注文を終えて番号札を受け取った直後、店員さんが一枚の紙を持って入口へ向かいました。
そこに大きく書かれていたのは、
「緊急閉店のお知らせ」
でした。
私は一瞬、何かの機械トラブルかと思いました。
店内にはまだお客さんがいました。
レジ前にも数人並んでいました。
すると、すぐに不満の声が上がりました。
「え、今並んでたんだけど?」
「閉店ってどういうこと?」
「まだ21時でしょ?」
一人の男性は、かなり強い口調で店員さんに詰め寄りました。
「こっちは10分も待ってるんだよ。今からでも作れるだろ」
店員さんは何度も頭を下げていました。
「申し訳ございません。本日は安全な商品の提供が難しい状況でして……」
でも、その説明を聞いても男性は引きません。
「虫がどうとか書いてあるけど、外の話でしょ?中で作ればいいじゃん」
その言葉を聞いて、私は入口の外を見ました。
そこで初めて気づきました。
店の外のライト周辺に、かなりの数の虫が集まっていたのです。
普通の“何匹か飛んでいる”程度ではありません。
ドアが開くたびに、店内へ入り込んでもおかしくない状況でした。
私はようやく、店員さんたちの顔が青ざめていた理由が分かりました。
これは「早く帰りたいから閉める」なんて話ではありません。
食品を扱う店として、危ないと判断したから閉める。
むしろ、かなり勇気のいる判断です。
それなのに、さっきの男性はまだ文句を言っていました。
「たかが虫だろ」
「金払うんだから売れよ」
「こっちは腹減ってんだよ」
私はそこでスマホを取り出しました。
まず、入口に貼られた閉店のお知らせを撮りました。
次に、外のライト周辺に集まっている虫の様子も撮りました。
そして、その男性に聞こえるくらいの声で言いました。
「食品を売る店が、この状況で閉めるって、むしろちゃんとしてると思いますよ」
男性がこちらを見ました。
私は続けました。
「ここで無理に営業して、もし虫が入った商品が出たら、今度はあなたみたいな人が一番に怒るんじゃないですか?」
店内が一瞬、静かになりました。
さっきまで小声で文句を言っていた人たちも、入口の外を見ました。
そして、誰かがぽつりと言いました。
「あれは確かに無理だわ……」
空気が変わりました。
店長らしき人が奥から出てきて、すでに注文済みのお客さんに丁寧に説明を始めました。
「本当に申し訳ございません。
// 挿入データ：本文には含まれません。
lemma spectrum_ratio_set:
  fixes \<theta> :: "nat \<Rightarrow> real"
  assumes "finite A" "0 \<in> A" "is_spectrum A \<theta>"
  defines "z \<equiv> \<lambda>j. cis (2 * pi * (\<theta>(0 := 0)) j)"
  shows "card (z ` {..<card A}) = card A"
    and "\<And>x y. x \<in> z ` {..<card A} \<Longrightarrow> y \<in> z ` {..<card A} \<Longrightarrow> x \<noteq> y \<Longrightarrow>
           poly (set_poly A) (x / y) = 0"
proof -
  have ratio: "poly (set_poly A) (z i / z j) = 0" if "i < card A" "j < card A" "i \<noteq> j" for i j
    using assms(3) that by (simp add: is_spectrum_def Let_def z_def cis_divide right_diff_distrib)
  then show "\<And>x y. x \<in> z ` {..<card A} \<Longrightarrow> y \<in> z ` {..<card A} \<Longrightarrow> x \<noteq> y \<Longrightarrow>
      poly (set_poly A) (x / y) = 0"
    by blast
  have "poly (set_poly A) 1 \<noteq> 0" using assms(1,2) by (auto simp: poly_set_poly)
  moreover have "z j \<noteq> 0" for j by (simp add: z_def)
  ultimately have "inj_on z {..<card A}" using ratio by (intro inj_onI) (metis divide_self lessThan_iff)
  then show "card (z ` {..<card A}) = card A" by (simp add: card_image)
qed

theorem mainTheorem10:
  fixes A :: "nat set" and \<theta> :: "nat \<Rightarrow> real"
  assumes "finite A" and "0 \<in> A" and "card A \<ge> 2"
    and "is_spectrum A \<theta>"
    and "\<theta> 1 \<notin> \<rat>"
  shows "card {x :: complex. poly (set_poly A) x = 0 \<and> norm x \<noteq> 1} \<ge> card A - 1"
proof -
  define z where "z j = cis (2 * pi * (\<theta>(0 := 0)) j)" for j
  let ?Z = "z ` {..<card A}"
  have P: "poly_over \<int> (set_poly A)" "lead_coeff (set_poly A) = 1"
    using poly_over_Ints_set_poly[OF assms(1)] lead_coeff_set_poly[OF assms(1)] assms(2) by blast+
  have z: "z 0 = 1" "z 1 = cis (2 * pi * \<theta> 1)" "0 \<notin> ?Z" by (auto simp: z_def)
  moreover have "0 \<in> {..<card A}" "1 \<in> {..<card A}" using assms(3) by auto
  ultimately have Z: "finite ?Z" "0 \<notin> ?Z" "1 \<in> ?Z" "z 1 \<in> ?Z" by (auto intro: rev_image_eqI)
  have "\<And>k. k > 0 \<Longrightarrow> z 1 ^ k \<noteq> 1"
    using cis_power_eq_1_imp_Rats[of "\<theta> 1"] assms(5) z(2) by auto
  then have "card ?Z \<le> card {x. poly (set_poly A) x = 0 \<and> norm x \<noteq> 1}"
    using card_ratio_set_le_roots_off_unit_circle[OF P Z(1-3) _ Z(4)]
      spectrum_ratio_set(2)[OF assms(1,2,4)] unfolding z_def by blast
  then show ?thesis using spectrum_ratio_set(1)[OF assms(1,2,4)] unfolding z_def by simp
qed

end
lemma continuous_mono_Inf_superlevel:
  fixes F :: "real \<Rightarrow> real"
  assumes mono: "mono F" and cont: "\<And>x. isCont F x" and lim: "(F \<longlongrightarrow> 1) at_top"
    and F0: "F 0 = 0" and \<kappa>: "0 < \<kappa>" "\<kappa> < 1"
  shows "0 < Inf {x. \<kappa> \<le> F x}" and "F (Inf {x. \<kappa> \<le> F x}) = \<kappa>"
proof -
  define A where "A = {x. \<kappa> \<le> F x}"
  obtain x0 where "\<kappa> < F x0"
    using eventually_happens'[OF _ order_tendstoD(1)[OF lim \<kappa>(2)]] by auto
  then have ne: "A \<noteq> {}"
    unfolding A_def by (auto intro!: exI[of _ x0])
  have pos: "0 < x" if "x \<in> A" for x
    using that \<kappa> F0 monoD[OF mono, of x 0] unfolding A_def by force
  then have bdd: "bdd_below A"
    by (meson bdd_below.I less_imp_le)
  have "closed A"
    unfolding A_def using cont by (intro closed_Collect_le continuous_intros continuous_at_imp_continuous_on) auto
  then have inA: "Inf A \<in> A"
    using ne bdd by (intro closed_contains_Inf)
  have "F (Inf A) \<le> \<kappa>"
  proof (rule tendsto_upperbound)
    show "(F \<longlongrightarrow> F (Inf A)) (at_left (Inf A))"
      using cont[of "Inf A"] by (simp add: isCont_def filterlim_at_split)
    have "F y \<le> \<kappa>" if "y < Inf A" for y
      using cInf_lower[OF _ bdd, of y] that unfolding A_def by force
    then show "\<forall>\<^sub>F y in at_left (Inf A). F y \<le> \<kappa>"
      by (auto simp: eventually_at_filter intro!: always_eventually)
  qed simp
  with inA pos show "0 < Inf {x. \<kappa> \<le> F x}" "F (Inf {x. \<kappa> \<le> F x}) = \<kappa>"
    unfolding A_def by auto
qed

lemma (in prob_space) VaR_atomless:
  fixes S :: "'a \<Rightarrow> real"
  assumes [measurable]: "S \<in> borel_measurable M"
    and atomless: "\<And>x. prob {\<omega>\<in>space M. S \<omega> = x} = 0"
    and nonpos: "prob {\<omega>\<in>space M. S \<omega> \<le> 0} = 0" and \<kappa>: "0 < \<kappa>" "\<kappa> < 1"
  shows "0 < VaR M S \<kappa>" and "prob {\<omega>\<in>space M. VaR M S \<kappa> < S \<omega>} = 1 - \<kappa>"
proof -
  interpret D: real_distribution "distr M borel S"
    by simp
  define F where "F x = prob {\<omega>\<in>space M. S \<omega> \<le> x}" for x
  have F_cdf: "F = cdf (distr M borel S)"
    unfolding F_def by (auto simp: cdf_def measure_distr intro!: arg_cong[where f = prob])
  have "measure (distr M borel S) {x} = 0" for x
    using atomless[of x] by (simp add: measure_distr vimage_def Int_def conj_commute)
  then have cont: "isCont F x" for x
    unfolding F_cdf by (simp add: D.isCont_cdf)
  have mono: "mono F"
    unfolding F_cdf by (auto intro: monoI D.cdf_nondecreasing)
  have lim: "(F \<longlongrightarrow> 1) at_top"
    unfolding F_cdf by (rule D.cdf_lim_at_top_prob)
  have "F 0 = 0"
    using nonpos unfolding F_def .
  note superlevel = continuous_mono_Inf_superlevel[OF mono cont lim this \<kappa>]
  moreover have "VaR M S \<kappa> = Inf {x. \<kappa> \<le> F x}"
    unfolding VaR_def F_def ..
  moreover have "prob {\<omega>\<in>space M. c < S \<omega>} = 1 - F c" for c
  proof -
    have "{\<omega>\<in>space M. c < S \<omega>} = space M - {\<omega>\<in>space M. S \<omega> \<le> c}"
      by auto
    then show ?thesis
      unfolding F_def by (simp add: prob_compl)
  qed
  ultimately show "0 < VaR M S \<kappa>" "prob {\<omega>\<in>space M. VaR M S \<kappa> < S \<omega>} = 1 - \<kappa>"
    using superlevel by auto
qed

lemma (in prob_space) sum_exponentials_indep_erlang:
  fixes T :: "'a \<Rightarrow> real" and Z :: "nat \<Rightarrow> 'a \<Rightarrow> real"
  assumes Z: "\<And>i. i \<in> {1..n} \<Longrightarrow> distributed M lborel (Z i) (exponential_density 1)"
    and indep: "indep_vars (\<lambda>_. borel) (\<lambda>i. if i = 0 then T else Z i) {0..n}" and n: "1 \<le> n"
  shows "indep_var borel T borel (\<lambda>\<omega>. \<Sum>i=1..n. Z i \<omega>)"
    and "distributed M lborel (\<lambda>\<omega>. \<Sum>i=1..n. Z i \<omega>) (erlang_density (n - 1) 1)"
proof -
  define Y where "Y = (\<lambda>i. if i = 0 then T else Z i)"
  have "{0..n} = insert 0 {1..n}"
    by auto
  then have "indep_var borel (Y 0) borel (\<lambda>\<omega>. \<Sum>i=1..n. Y i \<omega>)"
    using indep unfolding Y_def by (intro indep_vars_sum) auto
  moreover have "(\<lambda>\<omega>. \<Sum>i=1..n. Y i \<omega>) = (\<lambda>\<omega>. \<Sum>i=1..n. Z i \<omega>)"
    unfolding Y_def by (auto intro!: sum.cong)
  ultimately show "indep_var borel T borel (\<lambda>\<omega>. \<Sum>i=1..n. Z i \<omega>)"
    by (simp add: Y_def)
  have "indep_vars (\<lambda>_. borel) Y {1..n}"
    using indep unfolding Y_def by (rule indep_vars_subset) auto
  then have "indep_vars (\<lambda>_. borel) Z {1..n}"
    by (rule indep_vars_cong[THEN iffD1, rotated 3]) (auto simp: Y_def)
  then show "distributed M lborel (\<lambda>\<omega>. \<Sum>i=1..n. Z i \<omega>) (erlang_density (n - 1) 1)"
    using exponential_distributed_sum[of "{1..n}" 1 Z] Z n by simp
qed

theorem (in prob_space) TVaR_erlang_mixture:
  fixes T W :: "'a \<Rightarrow> real"
  assumes W: "distributed M lborel W (erlang_density (n - 1) 1)" and n: "1 \<le> n"
    and indep: "indep_var borel T borel W" and pos: "\<forall>\<omega>\<in>space M. 0 < T \<omega>"
    and L: "set_integrable lborel {0..} (laplace_tr M T)" and \<kappa>: "0 < \<kappa>" "\<kappa> < 1"
  defines "v \<equiv> VaR M (\<lambda>\<omega>. W \<omega> / T \<omega>) \<kappa>"
  shows "TVaR M (\<lambda>\<omega>. W \<omega> / T \<omega>) \<kappa> =
           real n / (1 - \<kappa>) * (\<Sum>i=1..n. (-1) ^ (i + 1) / fact i * v ^ i * (deriv ^^ (i - 1)) (laplace_tr M T) v)
         + real n / (1 - \<kappa>) * (LBINT x:{v..}. laplace_tr M T x)"
proof -
  have T[measurable]: "T \<in> borel_measurable M" and [measurable]: "W \<in> borel_measurable M"
    using indep unfolding indep_var_distribution_eq by auto
  have "{\<omega>\<in>space M. W \<omega> / T \<omega> \<le> 0} = {\<omega>\<in>space M. W \<omega> \<le> 0}"
    using pos by (auto simp: divide_le_0_iff less_imp_le)
  then have "prob {\<omega>\<in>space M. W \<omega> / T \<omega> \<le> 0} = 0"
    using erlang_distributed_le[OF W, of 0] by (simp add: erlang_CDF_at0)
  note VaR = VaR_atomless[OF _ prob_ratio_eq_zero[OF indep W pos] this \<kappa>, folded v_def]
  then have v: "0 < v"
    by simp
  have "set_integrable lborel {v..} (laplace_tr M T)"
    using v by (intro set_integrable_subset[OF L]) auto
  note tail = laplace_tr_tail_integral[OF T pos v this]
  have derivs: "(\<Sum>i=1..n. (-1) ^ (i + 1) / fact i * v ^ i * (deriv ^^ (i - 1)) (laplace_tr M T) v)
      = (\<Sum>i=1..n. v ^ i / fact i * (LINT \<omega>|M. T \<omega> ^ (i - 1) * exp (- v * T \<omega>)))"
  proof (rule sum.cong)
    fix i assume "i \<in> {1..n}"
    then obtain j where "i = Suc j"
      by (cases i) auto
    then show "(-1) ^ (i + 1) / fact i * v ^ i * (deriv ^^ (i - 1)) (laplace_tr M T) v
        = v ^ i / fact i * (LINT \<omega>|M. T \<omega> ^ (i - 1) * exp (- v * T \<omega>))"
      using higher_deriv_laplace_tr[OF T _ v, of j] pos by (simp add: less_imp_le)
  qed simp
  have "TVaR M (\<lambda>\<omega>. W \<omega> / T \<omega>) \<kappa>
      = (LINT \<omega>|M. W \<omega> / T \<omega> * indicator {\<omega>\<in>space M. v < W \<omega> / T \<omega>} \<omega>) / (1 - \<kappa>)"
    using VaR(2) by (simp add: TVaR_def v_def)
  also have "\<dots> = real n * ((LBINT x:{v..}. laplace_tr M T x)
      + (\<Sum>i=1..n. v ^ i / fact i * (LINT \<omega>|M. T \<omega> ^ (i - 1) * exp (- v * T \<omega>)))) / (1 - \<kappa>)"
    using integral_ratio_tail_erlang_mixture[OF W n indep pos v tail(1)] tail(2) by simp
  finally show ?thesis
    unfolding derivs by (simp add: distrib_left add_divide_distrib)
qed
(* Let $H$ be a complex infinite-dimensional separable Hilbert space, $\bar e=(e_n)_{n\in\mathbb N}$ an orthonormal basis of $H$, $p_n$ the rank-one projection onto $\mathbb C e_n$, $D(\bar e)$ the algebra of operators diagonalised by $\bar e$, and $\mathbb E_{\bar e}\colon\mathcal B(H)\to D(\bar e)$, $\mathbb E_{\bar e}(a)=\sum_n p_nap_n$ (strong sum). Let $(b_n)_{n\in\mathbb N}$ be a sequence of compact operators on $H$ converging to $0$ in the strong operator topology, such that for every $M\subseteq\mathbb N$ the sum $\sum_{n\in M}b_n$ exists (in the strong operator topology) and belongs to $D(\bar e)+\mathcal K(H)$. Then $\lim_n\|\mathbb E_{\bar e}(b_n)-b_n\|=0$.
   Context: $\mathcal K(H)$ denotes the compact operators on $H$. A sequence is SOT-null if it converges to $0$ in the strong operator topology (pointwise in norm). *)

theory Defs
  imports "HOL-Analysis.Analysis" "HOL-Library.Function_Algebras"
begin

text \<open>Concrete model of a complex infinite-dimensional separable Hilbert space:
  H = l2(nat), complex square-summable sequences. Vectors are functions
  nat => complex; operators are maps (nat => complex) => (nat => complex),
  only their values on the carrier l2 matter.\<close>

definition ell2 :: "(nat \<Rightarrow> complex) set" where
  "ell2 = {x. summable (\<lambda>k. (cmod (x k))\<^sup>2)}"

definition l2norm :: "(nat \<Rightarrow> complex) \<Rightarrow> real" where
  "l2norm x = sqrt (\<Sum>k. (cmod (x k))\<^sup>2)"

definition l2inner :: "(nat \<Rightarrow> complex) \<Rightarrow> (nat \<Rightarrow> complex) \<Rightarrow> complex" where
  "l2inner x y = (\<Sum>k. x k * cnj (y k))"

definition scaleC_vec :: "complex \<Rightarrow> (nat \<Rightarrow> complex) \<Rightarrow> (nat \<Rightarrow> complex)" where
  "scaleC_vec c x = (\<lambda>k. c * x k)"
本日、安全に商品をご提供することが難しいと判断いたしました。ご注文分は返金対応させていただきます」
さらに、待っていた人たちにはお詫びの案内もしていました。
怒鳴っていた男性も、さすがにそれ以上は言えなくなっていました。
さっきまで「作れるだろ」と言っていたのに、外の虫の量を見た途端、口数が減っていきました。
店員さんは最後まで頭を下げていました。
でも私は、あの判断は間違っていなかったと思います。
むしろ、あそこで営業を続けていた方が怖い。
お腹が空いているのは分かります。
急に閉まったら困るのも分かります。
でも、食品安全より自分の都合を優先しろというのは違います。
最後に、若い店員さんが小さな声で言いました。
「ご迷惑をおかけしてすみません。でも、危ないものを売るわけにはいかないので」
その一言で、私は完全に納得しました。
店を閉めるのは、逃げではありません。
守るための判断です。
文句を言うのは簡単です。
でも、責任を取って止める判断ができる店の方が、私は信用できます。